When the news came that the Imperials had invaded distant Coros also, in their attempt to open up a second front against the Free Ports, the Michine had agreed to make a token gesture in the League’s desperate defence of the island. General Creed, still frowned upon for having given the order to open the gates to the refugees, and no doubt by then considered expendable, had been dispatched to lead the small Khosian contingent of chartassa there. While he was gone, and with the siege of Bar-Khos entering its lowest point so far, Lord Protector Forias had withdrawn into his private mansion, claiming illness, and then had killed himself, or died in his sleep, depending on whom you believed.

Defeat had hung in the city air like a fog.

Creed, though, had changed all of that. He had returned from their unexpected victory in Coros within a week of old Forias’s funeral, now hailed as a hero and seen by many as their most likely saviour. The population of the city had taken to the streets to demand he be made the new Lord Protector. In the end, the Michine had been left with little choice but to concede to them.
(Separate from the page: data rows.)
lemma SEI_star_fan_E:
  assumes n: "c + 2 \<le> n"
  shows "SEI a (star_fan_E c n)
    = n * sei_term a 1 + sei_excess a (n - 2) + sei_excess a c + c * sei_excess a 1"
proof -
  let ?f = "\<lambda>v. sei_term a (degree (star_fan_E c n) v)"
  note deg = degree_star_fan_E[OF n]
  have sg: "simple_graph {0..<n} (star_fan_E c n)"
    using cyc_class_star_fan_E[OF n] unfolding cyc_class_def connected_graph_def star_V_def by auto
  have "SEI a (star_fan_E c n) = (\<Sum>v\<in>{0..<n}. ?f v)"
    using SEI_eq_sum_sei_term[OF sg] .
  also have "\<dots> = ?f 0 + ?f 1 + (\<Sum>v\<in>{2..<c+2}. ?f v) + (\<Sum>v\<in>{c+2..<n}. ?f v)"
    using n sum.atLeastLessThan_concat[of 2 "c+2" n ?f]
    by (simp add: sum.atLeast_Suc_lessThan numeral_2_eq_2)
  also have "(\<Sum>v\<in>{2..<c+2}. ?f v) = (\<Sum>v\<in>{2..<c+2}. sei_term a 2)"
    using n deg by (intro sum.cong) auto
  also have "(\<Sum>v\<in>{c+2..<n}. ?f v) = (\<Sum>v\<in>{c+2..<n}. sei_term a 1)"
    using deg by (intro sum.cong) auto
  finally have "SEI a (star_fan_E c n)
      = sei_term a (n - 1) + sei_term a (c + 1) + c * sei_term a 2 + (n - (c + 2)) * sei_term a 1"
    using deg n by simp
  also have "\<dots> = n * sei_term a 1 + sei_excess a (n - 2) + sei_excess a c + c * sei_excess a 1"
    using n by (simp add: sei_excess_def numeral_2_eq_2 Suc_diff_Suc of_nat_diff algebra_simps)
  finally show ?thesis .
qed

lemma is_SEI_max_star_fan_E:
  assumes "a > 1" "c + 2 \<le> n"
  shows "is_SEI_max a c n (star_V n) (star_fan_E c n) TYPE('a)"
proof -
  have "SEI a E \<le> SEI a (star_fan_E c n)" if "cyc_class c n (V :: 'a set) E" for V E
    using cyc_class_SEI_le[OF assms(1) that] SEI_star_fan_E[OF assms(2)] assms(2)
    by simp
  then show ?thesis unfolding is_SEI_max_def using cyc_class_star_fan_E[OF assms(2)] by blast
qed

lemma is_SEI_max_single_vertex: "is_SEI_max a 0 1 (star_V 1) (star_E 1) TYPE('a)"
proof -
  have E: "star_E 1 = {}" unfolding star_E_def by auto
  have "cyc_class 0 1 (star_V 1) (star_E 1)"
    unfolding cyc_class_def connected_graph_def simple_graph_def star_V_def E by auto
  moreover have "SEI a E \<le> SEI a (star_E 1)" if "cyc_class 0 1 (V :: 'a set) E" for V E
  proof -
    have "finite E" "card E = 0"
      using that simple_graph_finite_edges unfolding cyc_class_def connected_graph_def by auto
    then show ?thesis unfolding E SEI_def by simp
  qed
  ultimately show ?thesis unfolding is_SEI_max_def by blast
qed

theorem theorem8:
  fixes a :: real and n :: nat
  assumes "a > 1"
  shows "(n \<ge> 1 \<longrightarrow> is_SEI_max a 0 n (star_V n) (star_E n) TYPE('a))
    \<and> (n \<ge> 3 \<longrightarrow> is_SEI_max a 1 n (star_V n) (Sn_plus_E n) TYPE('a))
    \<and> (n \<ge> 4 \<longrightarrow> is_SEI_max a 2 n (star_V n) (B1_E n) TYPE('a))
    \<and> (n \<ge> 5 \<longrightarrow> is_SEI_max a 3 n (star_V n) (G4_E n) TYPE('a))
    \<and> (n \<ge> 6 \<longrightarrow> is_SEI_max a 4 n (star_V n) (H4_E n) TYPE('a))"
proof (intro conjI impI)
  assume "n \<ge> 1"
  then show "is_SEI_max a 0 n (star_V n) (star_E n) TYPE('a)"
    using is_SEI_max_single_vertex is_SEI_max_star_fan_E[OF assms, of 0 n] star_fan_E_cases(1)
    by (cases "n = 1") auto
qed (simp_all add: star_fan_E_cases is_SEI_max_star_fan_E[OF assms])

end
And so Creed had set about defying what had seemed, until then, the natural course of the war. He launched daring counter-attacks against the imperial army; developed the network of fighting tunnels beneath the walls to stop them being undermined; roused the hopes of the soldiers and the people by the example he set for them all. Gradually the imperial advance was slowed, and the siege settled into years of resistance that no one had dared believe was even possible.